Excerpted data:
lemma nn_integral_pair_snd:
  assumes "prob_space M1" and "sigma_finite_measure M2" and "h \<in> borel_measurable M2"
  shows "(\<integral>\<^sup>+ p. h (snd p) \<partial>(M1 \<Otimes>\<^sub>M M2)) = integral\<^sup>N M2 h"
proof -
  interpret M1: prob_space M1 by fact
  interpret M2: sigma_finite_measure M2 by fact
  have "(\<integral>\<^sup>+ p. h (snd p) \<partial>(M1 \<Otimes>\<^sub>M M2)) = (\<integral>\<^sup>+ x. \<integral>\<^sup>+ y. h y \<partial>M2 \<partial>M1)"
    using assms by (subst M2.nn_integral_fst[symmetric]) auto
  then show ?thesis
    by (simp add: M1.emeasure_space_1)
qed

lemma nn_integral_normal_square:
  assumes "0 < s"
  shows "(\<integral>\<^sup>+ a. ennreal (a\<^sup>2) \<partial>density lborel (normal_density 0 s)) = ennreal (s\<^sup>2)"
proof -
  have "(\<integral>\<^sup>+ a. ennreal (a\<^sup>2) \<partial>density lborel (normal_density 0 s))
      = (\<integral>\<^sup>+ a. ennreal (normal_density 0 s a * (a - 0) ^ (2 * 1)) \<partial>lborel)"
    by (subst nn_integral_density) (auto simp: ennreal_mult[symmetric] intro!: nn_integral_cong)
  also have "\<dots> = ennreal (\<integral>a. normal_density 0 s a * (a - 0) ^ (2 * 1) \<partial>lborel)"
  proof (rule nn_integral_eq_integral)
    show "integrable lborel (\<lambda>a. normal_density 0 s a * (a - 0) ^ (2 * 1))"
      using integrable_normal_moment[of s 0 2] assms by (simp only: mult_1_right)
  qed auto
  also have "(\<integral>a. normal_density 0 s a * (a - 0) ^ (2 * 1) \<partial>lborel) = s\<^sup>2"
    using assms by (subst integral_normal_moment_even) (auto simp: numeral_2_eq_2)
  finally show ?thesis .
qed

lemma measurable_Complex_pair:
  assumes "sets M1 = sets borel" and "sets M2 = sets borel"
  shows "(\<lambda>(a, b). Complex a b) \<in> borel_measurable (M1 \<Otimes>\<^sub>M M2)"
proof -
  have "(\<lambda>(a, b). Complex a b) = (\<lambda>p. complex_of_real (fst p) + \<i> * complex_of_real (snd p))"
    by (auto simp: Complex_eq)
  moreover have "sets (M1 \<Otimes>\<^sub>M M2) = sets (borel \<Otimes>\<^sub>M borel)"
    using assms by (intro sets_pair_measure_cong)
  ultimately show ?thesis
    by (simp cong: measurable_cong_sets)
qed

lemma sets_cgauss [measurable_cong]: "sets (cgauss v) = sets borel"
  unfolding cgauss_def by simp

lemma prob_space_cgauss: "0 < v \<Longrightarrow> prob_space (cgauss v)"
  unfolding cgauss_def
  by (intro prob_space.prob_space_distr prob_space_pair prob_space_normal_density
      measurable_Complex_pair) auto

lemma nn_integral_cgauss_Re_square:
  assumes "0 < v"
  shows "(\<integral>\<^sup>+ z. ennreal ((Re z)\<^sup>2) \<partial>cgauss v) = ennreal (v / 2)"
proof -
  let ?N = "density lborel (normal_density 0 (sqrt (v / 2)))"
  have "(\<integral>\<^sup>+ z. ennreal ((Re z)\<^sup>2) \<partial>cgauss v) = (\<integral>\<^sup>+ p. ennreal ((fst p)\<^sup>2) \<partial>(?N \<Otimes>\<^sub>M ?N))"
    unfolding cgauss_def
    by (subst nn_integral_distr) (auto intro!: nn_integral_cong measurable_Complex_pair simp: split_beta)
  also have "\<dots> = (\<integral>\<^sup>+ a. ennreal (a\<^sup>2) \<partial>?N)"
    using assms by (intro nn_integral_pair_fst prob_space_normal_density) auto
  also have "\<dots> = ennreal (v / 2)"
    using assms by (subst nn_integral_normal_square) auto
  finally show ?thesis .
qed

lemma prob_space_ginibre: "prob_space ginibre"
  unfolding ginibre_def by (intro prob_space_PiM prob_space_cgauss) auto

lemma measurable_ginibre_entry [measurable]:
  fixes d :: "'n::finite \<times> 'n"
  shows "(\<lambda>G. G d) \<in> borel_measurable (ginibre :: ('n \<times> 'n \<Rightarrow> complex) measure)"
proof -
  have "(\<lambda>G. G d) \<in> ginibre \<rightarrow>\<^sub>M cgauss (1 / real CARD('n))"
    unfolding ginibre_def by (rule measurable_component_singleton) simp
  then show ?thesis
    by (simp add: measurable_cong_sets[OF refl sets_cgauss])
qed

lemma nn_integral_ginibre_entry:
  fixes d :: "'n::finite \<times> 'n"
  assumes "f \<in> borel_measurable borel"
  shows "(\<integral>\<^sup>+ G. f (G d) \<partial>ginibre) = (\<integral>\<^sup>+ z. f z \<partial>cgauss (1 / real CARD('n)))"
proof -
  have "cgauss (1 / real CARD('n)) = distr ginibre (cgauss (1 / real CARD('n))) (\<lambda>G. G d)"
    unfolding ginibre_def by (intro distr_PiM_component[symmetric] prob_space_cgauss) auto
  also have "(\<integral>\<^sup>+ z. f z \<partial>\<dots>) = (\<integral>\<^sup>+ G. f (G d) \<partial>ginibre)"
    using assms by (intro nn_integral_distr) (simp_all add: measurable_cong_sets[OF refl sets_cgauss]
        measurable_cong_sets[OF sets_cgauss refl])
  finally show ?thesis ..
qed

lemma measurable_matrix_entry [measurable]:
  "(\<lambda>A. A i j) \<in> borel_measurable (matrix_space :: ('n::finite \<Rightarrow> 'n \<Rightarrow> complex) measure)"
proof -
  have "(\<lambda>A. A i) \<in> (matrix_space :: ('n \<Rightarrow> 'n \<Rightarrow> complex) measure) \<rightarrow>\<^sub>M PiM UNIV (\<lambda>_. borel)"
    unfolding matrix_space_def by (rule measurable_component_singleton) simp
  moreover have "(\<lambda>B. B j) \<in> (PiM UNIV (\<lambda>_. borel) :: ('n \<Rightarrow> complex) measure) \<rightarrow>\<^sub>M borel"
    by (rule measurable_component_singleton) simp
  ultimately show ?thesis
    by (rule measurable_compose)
qed

lemma measurable_gue_of: "gue_of \<in> (ginibre :: ('n::finite \<times> 'n \<Rightarrow> complex) measure) \<rightarrow>\<^sub>M matrix_space"
  unfolding matrix_space_def
proof (intro measurable_PiM_single')
  fix i j :: 'n
  show "(\<lambda>G. gue_of G i j) \<in> borel_measurable ginibre"
    unfolding gue_of_def
    by (intro borel_measurable_divide borel_measurable_add measurable_const measurable_ginibre_entry
        borel_measurable_continuous_on[where f = cnj] continuous_intros) simp
qed (auto simp: space_PiM)

lemma sets_GUE [measurable_cong]: "sets GUE = sets matrix_space"
  unfolding GUE_def by simp

lemma prob_space_GUE: "prob_space GUE"
  unfolding GUE_def by (intro prob_space.prob_space_distr prob_space_ginibre measurable_gue_of)

lemma nn_integral_GUE_pair:
  assumes "f \<in> borel_measurable (matrix_space \<Otimes>\<^sub>M matrix_space)"
  shows "(\<integral>\<^sup>+ p. f p \<partial>(GUE \<Otimes>\<^sub>M GUE))
    = (\<integral>\<^sup>+ q. f (gue_of (fst q), gue_of (snd q)) \<partial>(ginibre \<Otimes>\<^sub>M ginibre))"
proof -
  have pair_gue_of: "(\<lambda>(G, H). (gue_of G, gue_of H))
      \<in> ginibre \<Otimes>\<^sub>M ginibre \<rightarrow>\<^sub>M matrix_space \<Otimes>\<^sub>M matrix_space"
    unfolding split_beta'
    by (intro measurable_Pair measurable_compose[OF measurable_fst measurable_gue_of]
        measurable_compose[OF measurable_snd measurable_gue_of])
  have GUE_pair: "GUE \<Otimes>\<^sub>M GUE
      = distr (ginibre \<Otimes>\<^sub>M ginibre) (matrix_space \<Otimes>\<^sub>M matrix_space) (\<lambda>(G, H). (gue_of G, gue_of H))"
    unfolding GUE_def
    using prob_space_GUE[unfolded GUE_def]
    by (intro pair_measure_distr measurable_gue_of prob_space_imp_sigma_finite)
  show ?thesis
    unfolding GUE_pair using nn_integral_distr[OF pair_gue_of, of f] assms by (simp add: split_beta')
qed

lemma gue_of_diag: "gue_of G i i = complex_of_real (sqrt 2 * Re (G (i, i)))"
proof -
  have "gue_of G i i = complex_of_real (2 * Re (G (i, i)) / sqrt 2)"
    by (simp add: gue_of_def complex_add_cnj)
  also have "2 * Re (G (i, i)) / sqrt 2 = sqrt 2 * Re (G (i, i))"
    by (simp add: field_simps)
  finally show ?thesis .
qed

lemma nn_integral_gue_of_diag_square:
  "(\<integral>\<^sup>+ G. ennreal ((cmod (gue_of G i i))\<^sup>2) \<partial>(ginibre :: ('n::finite \<times> 'n \<Rightarrow> complex) measure))
    = ennreal (1 / real CARD('n))"
proof -
  have "(\<integral>\<^sup>+ G. ennreal ((cmod (gue_of G i i))\<^sup>2) \<partial>(ginibre :: ('n \<times> 'n \<Rightarrow> complex) measure))
      = (\<integral>\<^sup>+ G. 2 * ennreal ((Re (G (i, i)))\<^sup>2) \<partial>ginibre)"
  proof (intro nn_integral_cong)
    fix G :: "'n \<times> 'n \<Rightarrow> complex"
    have "(cmod (gue_of G i i))\<^sup>2 = 2 * (Re (G (i, i)))\<^sup>2"
      by (simp add: gue_of_diag norm_mult power_mult_distrib)
    then show "ennreal ((cmod (gue_of G i i))\<^sup>2) = 2 * ennreal ((Re (G (i, i)))\<^sup>2)"
      by (simp add: ennreal_mult')
  qed
  also have "\<dots> = 2 * (\<integral>\<^sup>+ z. ennreal ((Re z)\<^sup>2) \<partial>cgauss (1 / real CARD('n)))"
    by (simp add: nn_integral_cmult nn_integral_ginibre_entry[where f = "\<lambda>z. ennreal ((Re z)\<^sup>2)"])
  also have "\<dots> = ennreal (1 / real CARD('n))"
    using ennreal_mult[of 2 "1 / real CARD('n) / 2"] by (simp add: nn_integral_cgauss_Re_square)
  finally show ?thesis .
qed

Assigned task: Reproduce every line of the material above that has the string "rule".

Output of the task:
  proof (rule nn_integral_eq_integral)
    unfolding ginibre_def by (rule measurable_component_singleton) simp
    unfolding matrix_space_def by (rule measurable_component_singleton) simp
    by (rule measurable_component_singleton) simp
    by (rule measurable_compose)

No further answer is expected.